If you expect to generate a large amount of test data beyond your local compute capability, you may try generating test data in cloud, please see this guide for more detailed steps.

[Optional] Customize test data generation flow

  • Open the example test data generation flow in "Prompt flow" VSCode Extension. This flow is designed to generate a pair of question and suggested answer based on the given text chunk. The flow also includes validation prompts to ensure the quality of the generated test data.

  • Customize your test data generation logic refering to tune-prompts-with-variants.

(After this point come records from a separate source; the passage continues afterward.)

(* Let $F \in \mathbb{C}^{n \times n}$ be a unitary matrix with $|F_{ij}|^2 \leq \frac{c}{n}$ for all $i,j$ (for some constant $c>0$), let $I\in\mathbb{C}^{n\times n}$ be the identity, and let $A = [F \enspace I] \in \mathbb{C}^{n \times 2n}$. Let $1 \leq k,t \leq n$ be integers, let $\hat{x}\in\mathbb{C}^n$, let $e \in \mathbb{C}^n$ be $t$-sparse, and let $y = F\hat{x} + e$. Define $$\delta_{k,t} = \sqrt{\frac{ckt}{n}}, \quad \beta = \sqrt{\frac{\max\{k,t\}c}{n}}, \quad \theta = \frac{\sqrt{k+t}}{1- \delta_{k,t}}\beta, \quad \tau = \frac{\sqrt{1 + \delta_{k,t}}}{1 - \delta_{k,t}}.$$ If $0 < \delta_{k,t} < 1$ and $0 < \theta < 1$, then for any solution $x^{\#}$ of the Basis Pursuit problem $\min_{z \in \mathbb{C}^{2n}} \|z\|_1$ subject to $\|Az - y\|_2 \leq \|\hat{x}_{t(k)}\|_2$, writing $x^{\#} = [\hat{x}^{\#} \enspace e^{\#}]^T$ with $\hat{x}^{\#}, e^{\#}\in\mathbb{C}^n$, we have $$\|\hat{x}^{\#} - \hat{x}_{h(k)}\|_2 \leq \left(\frac{2\tau \sqrt{k+t}}{1-\theta} \left(1 + \frac{\beta}{1 - \delta_{k,t}} \right) + 2 \tau \right)\|\hat{x}_{t(k)}\|_2 .$$
   Context: A vector is $t$-sparse if it has at most $t$ nonzero entries. For $x \in \mathbb{C}^n$, $x_{h(k)}$ denotes a $k$-sparse vector consisting of $k$ largest (in absolute value) entries of $x$ with all other entries zero, and $x_{t(k)} := x - x_{h(k)}$. *)

theory Defs
  imports "HOL-Analysis.Analysis"
begin

definition cnj_transpose :: "complex^'n^'m \<Rightarrow> complex^'m^'n" where
  "cnj_transpose F = (\<chi> i j. cnj (F $ j $ i))"

definition unitary_mat :: "complex^'n^'n \<Rightarrow> bool" where
  "unitary_mat F \<longleftrightarrow> F ** cnj_transpose F = mat 1 \<and> cnj_transpose F ** F = mat 1"

text \<open>l1 norm of a complex vector; the l2 norm is the library norm on complex^'n.\<close>
definition l1norm :: "complex^'n \<Rightarrow> real" where
  "l1norm x = (\<Sum>i\<in>UNIV. cmod (x $ i))"

definition sparse :: "nat \<Rightarrow> complex^'n \<Rightarrow> bool" where
  "sparse t x \<longleftrightarrow> card {i. x $ i \<noteq> 0} \<le> t"

definition is_head :: "nat \<Rightarrow> complex^'n \<Rightarrow> complex^'n \<Rightarrow> bool" where
  "is_head k x xh \<longleftrightarrow> (\<exists>S. card S = k \<and>
      (\<forall>i. xh $ i = (if i \<in> S then x $ i else 0)) \<and>
      (\<forall>i\<in>S. \<forall>j. j \<notin> S \<longrightarrow> cmod (x $ j) \<le> cmod (x $ i)))"

text \<open>z = [u; v] in C^{2n}, A = [F I], so A z = F u + v and ||z||_1 = ||u||_1 + ||v||_1.
  (u,v) solves min ||z||_1 s.t. ||A z - y||_2 \<le> eta.\<close>
definition is_BP_solution :: "complex^'n^'n \<Rightarrow> complex^'n \<Rightarrow> real \<Rightarrow> complex^'n \<Rightarrow> complex^'n \<Rightarrow> bool" where
  "is_BP_solution F y eta u v \<longleftrightarrow>
     norm (F *v u + v - y) \<le> eta \<and>
     (\<forall>u' v'. norm (F *v u' + v' - y) \<le> eta \<longrightarrow> l1norm u + l1norm v \<le> l1norm u' + l1norm v')"

end

theory Submission
  imports Defs
begin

    Understanding the prompts

    The test data generation flow contains 5 prompts, classified into two categories based on their roles: generation prompts and validation prompts. Generation prompts are used to create questions, suggested answers, etc., while validation prompts are used to verify the validity of the text chunk, generated question or answer.

    • Generation prompts

    • Validation prompts

      If the validation fails, would lead to empty string question/suggested_answer which are removed from final output test data set.

  • Fill in node inputs including connection, model or deployment_name, response_format, score_threshold or other parameters. Click run button to test the flow in VSCode Extension by referring to Test flow with VS Code Extension.

Once the customized flow has been verified, you can proceed to batch generate test data by following the steps outlined in "Prerequisites" and "Generate test data".